[Exercise prompt]: The records follow. Print, word for word, the first line through the "the extension by" line.

Records from a data collection
────────────────────────────────────────

(*
  The error u_delta - u is controlled by a comparison argument for the nonlocal operator L_delta.
  Applied to the zero extension of u, L_delta reproduces -u'' = f up to O(delta) at interior points,
  because the kernel w_delta(x,.) has vanishing first moment and second moment 2; near the boundary
  the extension by zero costs an extra error proportional to the distance of y to [0,1]. The barrier
  Phi = A delta (y + delta) (1 + delta - y) + K (delta - dist(y, [0,1])) is O(delta), and L_delta Phi
  = 2 A delta + K * (integral of dist against w_delta) exceeds this consistency error by delta. So
  +-(u_delta - u) - Phi is a strict subsolution that is nonpositive in the collar, and a maximum
  principle makes it nonpositive everywhere. As u_delta is only in L^2, the maximum principle is
  proved for essentially bounded functions, by lowering an a.e. upper bound in finitely many steps
  of fixed size; the a.e. bound itself comes from the equation, since the kernel mass is at least
  w(1/2) / delta^2.
*)
theory Submission
  imports Defs
begin

lemma set_integrable_Icc_bounded:
  fixes h :: "real \<Rightarrow> real"
  assumes "h \<in> borel_measurable borel" "\<And>y. y \<in> {a..b} \<Longrightarrow> \<bar>h y\<bar> \<le> B"
  shows "set_integrable lborel {a..b} h"
proof (rule set_integrable_bound[where f="\<lambda>_. B"])
  show "set_integrable lborel {a..b} (\<lambda>_. B)"
    by (simp add: set_integrable_def integrable_indicator_iff emeasure_lborel_Icc_eq)
  show "set_borel_measurable lborel {a..b} h"
    using assms(1) by (simp add: set_borel_measurable_def)
  show "AE y in lborel. y \<in> {a..b} \<longrightarrow> norm (h y) \<le> norm B"
    using assms(2) by (intro AE_I2) force
qed

lemma set_integral_abs_le:
  fixes f g :: "'a::euclidean_space \<Rightarrow> real"
  assumes "set_integrable M A f" "set_integrable M A g" "\<And>x. x \<in> A \<Longrightarrow> \<bar>f x\<bar> \<le> g x"
  shows "\<bar>LINT x:A|M. f x\<bar> \<le> (LINT x:A|M. g x)"
  unfolding set_lebesgue_integral_def
  by (rule integral_abs_bound_integral) (use assms in \<open>auto simp: set_integrable_def indicator_def\<close>)

lemma set_integrable_abs_of_square:
  fixes U :: "'a \<Rightarrow> real"
  assumes "A \<in> sets M" "emeasure M A < \<infinity>" "U \<in> borel_measurable M"
    and "set_integrable M A (\<lambda>x. (U x)\<^sup>2)"
  shows "set_integrable M A (\<lambda>x. \<bar>U x\<bar>)"
proof (rule set_integrable_bound)
  have "set_integrable M A (\<lambda>_. 1 :: real)"
    using assms(1,2) by (simp add: set_integrable_def integrable_indicator_iff Int_absorb2 sets.sets_into_space)
  then show "set_integrable M A (\<lambda>x. 1 + (U x)\<^sup>2)"
    using assms(4) by (rule set_integral_add)
  show "set_borel_measurable M A (\<lambda>x. \<bar>U x\<bar>)"
    using assms(1,3) unfolding set_borel_measurable_def by measurable
  have "\<bar>t\<bar> \<le> 1 + t\<^sup>2" for t :: real
    using zero_le_power2[of "\<bar>t\<bar> - 1/2"] by (simp add: power2_eq_square algebra_simps)
  then show "AE x in M. x \<in> A \<longrightarrow> norm \<bar>U x\<bar> \<le> norm (1 + (U x)\<^sup>2)"
    by (intro AE_I2) (simp add: add_nonneg_nonneg)
qed

lemma deriv_deriv_eq:
  fixes D :: "nat \<Rightarrow> real \<Rightarrow> real"
  assumes der: "\<And>i t. i < 2 \<Longrightarrow> t \<in> {a..b} \<Longrightarrow>
      (D i has_real_derivative D (Suc i) t) (at t within {a..b})"
    and x: "x \<in> {a<..<b}"
  shows "deriv (deriv (D 0)) x = D 2 x"
proof -
  have der_at: "(D i has_real_derivative D (Suc i) t) (at t)" if "i < 2" "t \<in> {a<..<b}" for i t
    using der[OF that(1), of t] that(2) at_within_Icc_at[of a t b] by auto
  have "(D 1 has_real_derivative D 2 x) (at x)"
    using der_at[of 1 x] x by (simp add: numeral_2_eq_2)
  then have "(deriv (D 0) has_real_derivative D 2 x) (at x)"
  proof (rule has_field_derivative_transform_within_open)
    show "D 1 t = deriv (D 0) t" if "t \<in> {a<..<b}" for t
      using der_at[of 0 t] that by (simp add: DERIV_imp_deriv)
  qed (use x in auto)
  then show ?thesis
    by (rule DERIV_imp_deriv)
qed

lemma Ck_on_bounded_derivatives:
  assumes "Ck_on k {a..b} u"
  obtains D M where "D 0 = u" "0 \<le> M"
    and "\<And>i t. i < k \<Longrightarrow> t \<in> {a..b} \<Longrightarrow>
      (D i has_real_derivative D (Suc i) t) (at t within {a..b})"
    and "\<And>i t. i \<le> k \<Longrightarrow> t \<in> {a..b} \<Longrightarrow> \<bar>D i t\<bar> \<le> M"
proof -
  obtain D where D0: "D 0 = u"
    and der: "\<forall>i<k. \<forall>t\<in>{a..b}. (D i has_real_derivative D (Suc i) t) (at t within {a..b})"
    and cont: "\<forall>i\<le>k. continuous_on {a..b} (D i)"
    using assms unfolding Ck_on_def by blast
  have "\<forall>i\<in>{..k}. \<exists>B. \<forall>t\<in>{a..b}. \<bar>D i t\<bar> \<le> B"
  proof
    fix i assume "i \<in> {..k}"
    then obtain B where "\<And>t. t \<in> {a..b} \<Longrightarrow> norm (D i t) \<le> B"
      using continuous_on_compact_bound[OF compact_Icc] cont by blast
    then show "\<exists>B. \<forall>t\<in>{a..b}. \<bar>D i t\<bar> \<le> B"
      by (intro exI[of _ B]) simp
  qed
  then obtain B where B: "\<And>i t. i \<le> k \<Longrightarrow> t \<in> {a..b} \<Longrightarrow> \<bar>D i t\<bar> \<le> B i"
    by (metis atMost_iff bchoice)
  have "\<bar>D i t\<bar> \<le> (\<Sum>j\<le>k. \<bar>B j\<bar>)" if "i \<le> k" "t \<in> {a..b}" for i t
    using B[OF that] member_le_sum[of i "{..k}" "\<lambda>j. \<bar>B j\<bar>"] that by force
  with D0 der show ?thesis
    by (intro that[of D "\<Sum>j\<le>k. \<bar>B j\<bar>"]) (auto intro: sum_nonneg)
qed

text \<open>The remainder bound of \<open>field_Taylor\<close> has \<open>fact n\<close> rather than \<open>fact (Suc n)\<close>
  in the denominator, hence the factor \<open>1/2\<close> instead of \<open>1/6\<close>.\<close>

lemma taylor_quadratic_remainder:
  fixes D :: "nat \<Rightarrow> real \<Rightarrow> real"
  assumes "\<And>i t. i \<le> 2 \<Longrightarrow> t \<in> {a..b} \<Longrightarrow>
      (D i has_real_derivative D (Suc i) t) (at t within {a..b})"
    and "\<And>t. t \<in> {a..b} \<Longrightarrow> \<bar>D 3 t\<bar> \<le> M"
    and "x \<in> {a..b}" "z \<in> {a..b}"
  shows "\<bar>D 0 z - (D 0 x + D 1 x * (z - x) + D 2 x / 2 * (z - x)^2)\<bar> \<le> M * \<bar>z - x\<bar>^3 / 2"
proof -
  have "norm (D 0 z - (\<Sum>i\<le>2. D i x * (z - x)^i / fact i)) \<le> M * norm (z - x)^Suc 2 / fact 2"
    by (rule field_Taylor[of "{a..b}"]) (use assms in auto)
  moreover have "(\<Sum>i\<le>2. D i x * (z - x)^i / fact i) = D 0 x + D 1 x * (z - x) + D 2 x / 2 * (z - x)^2"
    by (simp add: numeral_2_eq_2)
  ultimately show ?thesis
    by (simp add: numeral_3_eq_3)
qed

lemma A1_nonneg: "A1 w \<Longrightarrow> 0 \<le> r \<Longrightarrow> 0 \<le> w r"
  by (simp add: A1_def)

lemma A1_eq_0: "A1 w \<Longrightarrow> 1 \<le> r \<Longrightarrow> w r = 0"
  by (simp add: A1_def)

lemma A1_half_pos: "A1 w \<Longrightarrow> 0 < w (1/2)"
  by (simp add: A1_def)

lemma A1_antimono:
  assumes "A1 w" "0 \<le> r" "r \<le> s"
  shows "w s \<le> w r"
proof (cases "s < 1")
  case True
  then show ?thesis using assms by (auto simp: A1_def)
next
  case False
  then have "w s = 0" using assms(1) by (simp add: A1_eq_0)
  then show ?thesis using A1_nonneg[OF assms(1,2)] by simp
qed

lemma A1_zero_pos: "A1 w \<Longrightarrow> 0 < w 0"
  using A1_half_pos[of w] A1_antimono[of w 0 "1/2"] by simp

lemma A1_borel_measurable: "A1 w \<Longrightarrow> (\<lambda>r. w (max 0 r)) \<in> borel_measurable borel"
proof -
  assume "A1 w"
  then have "mono (\<lambda>r. - w (max 0 r))"
    by (auto simp: mono_def intro: A1_antimono)
  then have "(\<lambda>r. - (- w (max 0 r))) \<in> borel_measurable borel"
    by (intro borel_measurable_uminus borel_measurable_mono)
  then show ?thesis by simp
qed

lemma A1_second_moment:
  assumes "A1 w"
  shows "integrable lborel (\<lambda>z. w \<bar>z\<bar> * z\<^sup>2)" and "(\<integral>z. w \<bar>z\<bar> * z\<^sup>2 \<partial>lborel) = 2"
proof -
  have hi: "((\<lambda>z. w \<bar>z\<bar> * z\<^sup>2) has_integral 2) UNIV"
    using assms by (simp add: A1_def)
  have "(\<lambda>z. w \<bar>z\<bar> * z\<^sup>2) absolutely_integrable_on UNIV"
    using nonnegative_absolutely_integrable_1[of _ UNIV] hi assms by (force simp: A1_nonneg)
  then have "integrable lebesgue (\<lambda>z. w \<bar>z\<bar> * z\<^sup>2)"
    by (simp add: set_integrable_def)
  moreover have "(\<lambda>z. w (max 0 \<bar>z\<bar>) * z\<^sup>2) \<in> borel_measurable borel"
    using A1_borel_measurable[OF assms] by measurable
  ultimately show int: "integrable lborel (\<lambda>z. w \<bar>z\<bar> * z\<^sup>2)"
    using integrable_completion[of "\<lambda>z. w \<bar>z\<bar> * z\<^sup>2"] by simp
  show "(\<integral>z. w \<bar>z\<bar> * z\<^sup>2 \<partial>lborel) = 2"
    using integral_lborel[OF int] hi by (simp add: integral_unique)
qed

────────────────────────────────────────

[Response to this exercise]:
(*
  The error u_delta - u is controlled by a comparison argument for the nonlocal operator L_delta.
  Applied to the zero extension of u, L_delta reproduces -u'' = f up to O(delta) at interior points,
  because the kernel w_delta(x,.) has vanishing first moment and second moment 2; near the boundary
  the extension by zero costs an extra error proportional to the distance of y to [0,1]. The barrier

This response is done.